● What the task asks: Retype the records below from their first line through the line containing "(simp add: funpow_swap1)", and include nothing else.

● Input for this task:
____

lemma closed_superset_orbit:
  assumes "x \<in> X" "closed C" "\<And>n. (f ^^ n) x \<in> C"
  shows "X \<subseteq> C"
  using closure_minimal[of "{(f ^^ n) x | n. True}" C] assms closure_orbit[OF assms(1)] by blast

lemma eps_chain_connect:
  assumes "0 < e" "x \<in> X" "y \<in> X"
  obtains k where "eps_chain X f e x y (Suc k)"
proof -
  have "y \<in> closure {(f ^^ n) (f x) | n. True}"
    using closure_orbit maps_to assms by auto
  then obtain n where "dist ((f ^^ n) (f x)) y < e"
    using assms(1) by (auto simp: closure_approachable)
  then have "dist (f ((f ^^ n) x)) y < e" by (simp add: funpow_swap1)
  then show thesis
    using that eps_chain.step[OF eps_chain_orbit[OF maps_to assms(2,1)] assms(3)] by blast
qed

lemma image_eq: "f ` X = X"
proof
  have "closed (f ` X)"
    using compact_continuous_image[OF continuous compact] by (rule compact_imp_closed)
  show "X \<subseteq> f ` X"
  proof
    fix x assume "x \<in> X"
    have "(f ^^ n) (f x) \<in> f ` X" for n
      using funpow_mem[OF maps_to \<open>x \<in> X\<close>] by (simp add: funpow_swap1[symmetric])
    then show "x \<in> f ` X"
      using closed_superset_orbit[of "f x"] \<open>closed (f ` X)\<close> maps_to \<open>x \<in> X\<close> by blast
  qed
qed (rule maps_to)

lemma funpow_image_eq: "(f ^^ n) ` X = X"
proof (induction n)
  case (Suc n)
  have "(f ^^ Suc n) ` X = f ` ((f ^^ n) ` X)" by (simp add: image_image)
  then show ?case using Suc image_eq by simp
qed simp

text \<open>Shadow the periodic pseudo-orbit that runs around the loop forever: the shadowing
  orbit is moved by at most \<open>2\<epsilon>\<close> under \<open>f\<^sup>p\<close>, and by minimality it is dense.\<close>

lemma loop_displacement_le:
  assumes "0 < \<epsilon>" and shadowed: "pseudo_orbits_shadowed X f e \<epsilon>"
    and loop: "eps_chain X f e x x p" and "z \<in> X"
  shows "dist ((f ^^ p) z) z \<le> 2 * \<epsilon>"
proof (cases "p = 0")
  case True
  then show ?thesis using \<open>0 < \<epsilon>\<close> by simp
next
  case False
  obtain ys where "\<And>n. ys n \<in> X" "\<And>n. dist (f (ys n)) (ys (Suc n)) \<le> e"
    and periodic: "\<And>n. ys (p + n) = ys n"
    using eps_chain_loop_periodic_pseudo_orbit[OF loop] False by blast
  then obtain y where y: "y \<in> X" "\<And>n. dist ((f ^^ n) y) (ys n) < \<epsilon>"
    using shadowed unfolding pseudo_orbits_shadowed_def by blast
  define C where "C = {w \<in> X. dist ((f ^^ p) w) w \<le> 2 * \<epsilon>}"
  have "continuous_on X (\<lambda>w. dist ((f ^^ p) w) w)"
    by (intro continuous_on_dist continuous_on_funpow[OF maps_to continuous] continuous_on_id)
  then have "closed (X \<inter> (\<lambda>w. dist ((f ^^ p) w) w) -` {..2 * \<epsilon>})"
    using compact_imp_closed[OF compact] by (rule continuous_closed_preimage) simp
  moreover have "C = X \<inter> (\<lambda>w. dist ((f ^^ p) w) w) -` {..2 * \<epsilon>}"
    by (auto simp: C_def)
  ultimately have "closed C" by simp
  have "(f ^^ n) y \<in> C" for n
  proof -
    have "dist ((f ^^ p) ((f ^^ n) y)) (ys n) < \<epsilon>"
      using y(2)[of "p + n"] by (simp add: periodic funpow_add)
    then have "dist ((f ^^ p) ((f ^^ n) y)) ((f ^^ n) y) \<le> 2 * \<epsilon>"
      using y(2)[of n] dist_triangle2[of "(f ^^ p) ((f ^^ n) y)" "(f ^^ n) y" "ys n"] by linarith
    then show ?thesis unfolding C_def using funpow_mem[OF maps_to y(1)] by simp
  qed
  then have "X \<subseteq> C"
    using closed_superset_orbit[OF y(1) \<open>closed C\<close>] by blast
  then show ?thesis using \<open>z \<in> X\<close> by (simp add: C_def subset_iff)
qed

end

section \<open>Chain periods and phases\<close>

lemma least_pos_dvd_diff_closed:
  fixes H :: "int set" and n :: nat
  assumes diff: "\<And>a b. a \<in> H \<Longrightarrow> b \<in> H \<Longrightarrow> a - b \<in> H"
    and n_pos: "0 < n" and n: "int n \<in> H" and least: "\<And>m. 0 < m \<Longrightarrow> int m \<in> H \<Longrightarrow> n \<le> m"
    and h: "h \<in> H"
  shows "int n dvd h"
proof -
  have nat_case: "int n dvd int m" if "int m \<in> H" for m
    using that
  proof (induction m rule: less_induct)
    case (less m)
    show ?case
    proof (cases "m < n")
      case True
      then show ?thesis using least[OF _ less.prems] by (cases "m = 0") auto
    next
      case False
      then have "int (m - n) \<in> H" using diff[OF less.prems n] by (simp add: of_nat_diff)
      moreover have "m - n < m" using False n_pos by simp
      ultimately have "int n dvd int (m - n)" using less.IH by blast
      moreover have "int m = int (m - n) + int n" using False by simp
      ultimately show ?thesis by (metis dvd_add dvd_refl)
    qed
  qed
  have "- h \<in> H" using diff[OF diff[OF h h] h] by simp
  then show ?thesis
    using h nat_case[of "nat h"] nat_case[of "nat (- h)"] by (cases "0 \<le> h") auto
qed

locale pointed_minimal_system = minimal_system +
  fixes x0 :: "'a::metric_space"
  assumes base_mem: "x0 \<in> X"
begin

definition loop_length_diffs :: "real \<Rightarrow> int set" where
  "loop_length_diffs e =
     {int p - int q | p q. eps_chain X f e x0 x0 p \<and> eps_chain X f e x0 x0 q}"

definition chain_period :: "real \<Rightarrow> nat" where
  "chain_period e = (LEAST n. 0 < n \<and> int n \<in> loop_length_diffs e)"

definition chain_phase :: "real \<Rightarrow> 'a \<Rightarrow> nat" where
  "chain_phase e y = (SOME k. eps_chain X f e x0 y k) mod chain_period e"

lemma loop_length_diffs_diff:
  assumes "a \<in> loop_length_diffs e" "b \<in> loop_length_diffs e"
  shows "a - b \<in> loop_length_diffs e"
proof -
  obtain p q p' q' where a: "a = int p - int q" "eps_chain X f e x0 x0 p" "eps_chain X f e x0 x0 q"
    and b: "b = int p' - int q'" "eps_chain X f e x0 x0 p'" "eps_chain X f e x0 x0 q'"
    using assms unfolding loop_length_diffs_def by blast
  have "a - b = int (p + q') - int (q + p')" using a b by simp
  with eps_chain_trans[OF a(2) b(3)] eps_chain_trans[OF a(3) b(2)] show ?thesis
    unfolding loop_length_diffs_def by blast
qed

lemma chain_period_pos_mem:
  assumes "0 < e"
  shows chain_period_pos: "0 < chain_period e"
    and chain_period_mem: "int (chain_period e) \<in> loop_length_diffs e"
proof -
  obtain k where "eps_chain X f e x0 x0 (Suc k)"
    using eps_chain_connect[OF assms base_mem base_mem] by blast
  then have "int (Suc k) - int 0 \<in> loop_length_diffs e"
    unfolding loop_length_diffs_def using eps_chain.refl[OF base_mem] by blast
  then have "\<exists>n. 0 < n \<and> int n \<in> loop_length_diffs e" by (intro exI[of _ "Suc k"]) simp
  then show "0 < chain_period e" "int (chain_period e) \<in> loop_length_diffs e"
    unfolding chain_period_def by (metis (mono_tags, lifting) LeastI_ex)+
qed

lemma chain_period_dvd:
  assumes "0 < e" "h \<in> loop_length_diffs e"
  shows "int (chain_period e) dvd h"
  by (rule least_pos_dvd_diff_closed[OF loop_length_diffs_diff chain_period_pos_mem[OF assms(1)]])
    (use assms(2) in \<open>auto simp: chain_period_def intro: Least_le\<close>)

text \<open>All \<open>e\<close>-chains from \<open>x0\<close> to \<open>y\<close> have congruent lengths modulo the period:
  closing them up with a common chain back to \<open>x0\<close> makes two loops.\<close>

lemma chain_length_mod_period:
  assumes "0 < e" "eps_chain X f e x0 y k" "eps_chain X f e x0 y k'"
  shows "k mod chain_period e = k' mod chain_period e"
proof -
  obtain j where j: "eps_chain X f e y x0 (Suc j)"
    using eps_chain_connect[OF assms(1) _ base_mem] eps_chain_mem[OF assms(2)] by blast
  have "int (k + Suc j) - int (k' + Suc j) \<in> loop_length_diffs e"
    using eps_chain_trans[OF assms(2) j] eps_chain_trans[OF assms(3) j]
    unfolding loop_length_diffs_def by blast
  then have "int (chain_period e) dvd int k - int k'"
    using chain_period_dvd[OF assms(1)] by simp
  then show ?thesis
    by (metis mod_eq_dvd_iff of_nat_eq_iff of_nat_mod)
qed

lemma chain_phase_eq:
  assumes "0 < e" "eps_chain X f e x0 y k"
  shows "chain_phase e y = k mod chain_period e"
  using chain_length_mod_period[OF assms(1) someI[of "eps_chain X f e x0 y", OF assms(2)] assms(2)]
  by (simp add: chain_phase_def)

lemma chain_phase_base: "0 < e \<Longrightarrow> chain_phase e x0 = 0"
  using chain_phase_eq[OF _ eps_chain.refl[OF base_mem]] by simp

lemma chain_phase_step:
  assumes "0 < e" "y \<in> X"
  shows "chain_phase e (f y) = Suc (chain_phase e y) mod chain_period e"
proof -
  obtain k where k: "eps_chain X f e x0 y k"
    using eps_chain_connect[OF assms(1) base_mem assms(2)] by blast
  have "eps_chain X f e x0 (f y) (Suc k)"
    using eps_chain.step[OF k] maps_to assms by auto
  then show ?thesis
    using chain_phase_eq[OF assms(1) k] chain_phase_eq[OF assms(1)] by (simp add: mod_Suc_eq)
qed

lemma chain_phase_locally_const:
  assumes "0 < e" "y \<in> X"
  obtains r where "0 < r" "\<And>z. z \<in> X \<Longrightarrow> dist z y < r \<Longrightarrow> chain_phase e z = chain_phase e y"
proof -
  obtain k where k: "eps_chain X f e x0 y (Suc k)"
    using eps_chain_connect[OF assms(1) base_mem assms(2)] by blast
  then obtain w where w: "eps_chain X f e x0 w k" "dist (f w) y < e"
    by (rule eps_chain_SucE)
  have "chain_phase e z = chain_phase e y" if "z \<in> X" "dist z y < e - dist (f w) y" for z
  proof -
    have "dist (f w) z < e" using that dist_triangle[of "f w" z y] by (simp add: dist_commute)
    then show ?thesis
      using chain_phase_eq[OF assms(1)] eps_chain.step[OF w(1) \<open>z \<in> X\<close>] k by simp
  qed
  then show thesis using that[of "e - dist (f w) y"] w(2) by simp
qed

lemma chain_period_dvd_antimono:
  assumes "0 < e'" "e' \<le> e"
  shows "chain_period e dvd chain_period e'"
proof -
  have "loop_length_diffs e' \<subseteq> loop_length_diffs e"
    unfolding loop_length_diffs_def using eps_chain_mono[OF _ assms(2)] by blast
  then show ?thesis
    using chain_period_dvd[of e "int (chain_period e')"] chain_period_mem[OF assms(1)] assms
    by auto
qed

lemma chain_phase_mod_chain_period:
  assumes "0 < e'" "e' \<le> e" "y \<in> X"
  shows "chain_phase e' y mod chain_period e = chain_phase e y"
proof -
  obtain k where k: "eps_chain X f e' x0 y k"
    using eps_chain_connect[OF assms(1) base_mem assms(3)] by blast
  have "chain_phase e y = k mod chain_period e"
    using chain_phase_eq[OF _ eps_chain_mono[OF k assms(2)]] assms by simp
  then show ?thesis
    using chain_phase_eq[OF assms(1) k] chain_period_dvd_antimono[OF assms(1,2)]
    by (simp add: mod_mod_cancel)
qed

text \<open>Writing the period as a difference \<open>P - Q\<close> of loop lengths, \<open>f\<^bsup>qP\<^esup>\<close> and
  \<open>f\<^bsup>qQ\<^esup>\<close> both nearly fix every point, and \<open>f\<^bsup>qQ\<^esup>\<close> is onto.\<close>

lemma period_multiple_displacement_le:
  assumes "0 < \<epsilon>" "0 < e" "pseudo_orbits_shadowed X f e \<epsilon>" "z \<in> X"
  shows "dist ((f ^^ (q * chain_period e)) z) z \<le> 4 * \<epsilon>"
proof -
  obtain P Q where PQ: "int (chain_period e) = int P - int Q"
    "eps_chain X f e x0 x0 P" "eps_chain X f e x0 x0 Q"
    using chain_period_mem[OF assms(2)] unfolding loop_length_diffs_def by blast
  obtain x where x: "x \<in> X" "z = (f ^^ (q * Q)) x"
    using funpow_image_eq[of "q * Q"] assms(4) by blast
  have "P = chain_period e + Q" using PQ(1) by linarith
  then have "q * P = q * chain_period e + q * Q" by (simp add: algebra_simps)
  then have shift: "(f ^^ (q * chain_period e)) z = (f ^^ (q * P)) x"
    by (simp add: x(2) funpow_add)
  have "dist ((f ^^ (q * P)) x) x \<le> 2 * \<epsilon>" "dist z x \<le> 2 * \<epsilon>"
    using loop_displacement_le[OF assms(1,3) eps_chain_loop_mult x(1)] PQ(2,3) x(2) by auto
  then have "dist ((f ^^ (q * P)) x) z \<le> 4 * \<epsilon>"
    using dist_triangle2[of "(f ^^ (q * P)) x" z x] by linarith
  then show ?thesis by (simp only: shift)
qed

____

● Solution for this problem:
lemma closed_superset_orbit:
  assumes "x \<in> X" "closed C" "\<And>n. (f ^^ n) x \<in> C"
  shows "X \<subseteq> C"
  using closure_minimal[of "{(f ^^ n) x | n. True}" C] assms closure_orbit[OF assms(1)] by blast

lemma eps_chain_connect:
  assumes "0 < e" "x \<in> X" "y \<in> X"
  obtains k where "eps_chain X f e x y (Suc k)"
proof -
  have "y \<in> closure {(f ^^ n) (f x) | n. True}"
    using closure_orbit maps_to assms by auto
  then obtain n where "dist ((f ^^ n) (f x)) y < e"
    using assms(1) by (auto simp: closure_approachable)
  then have "dist (f ((f ^^ n) x)) y < e" by (simp add: funpow_swap1)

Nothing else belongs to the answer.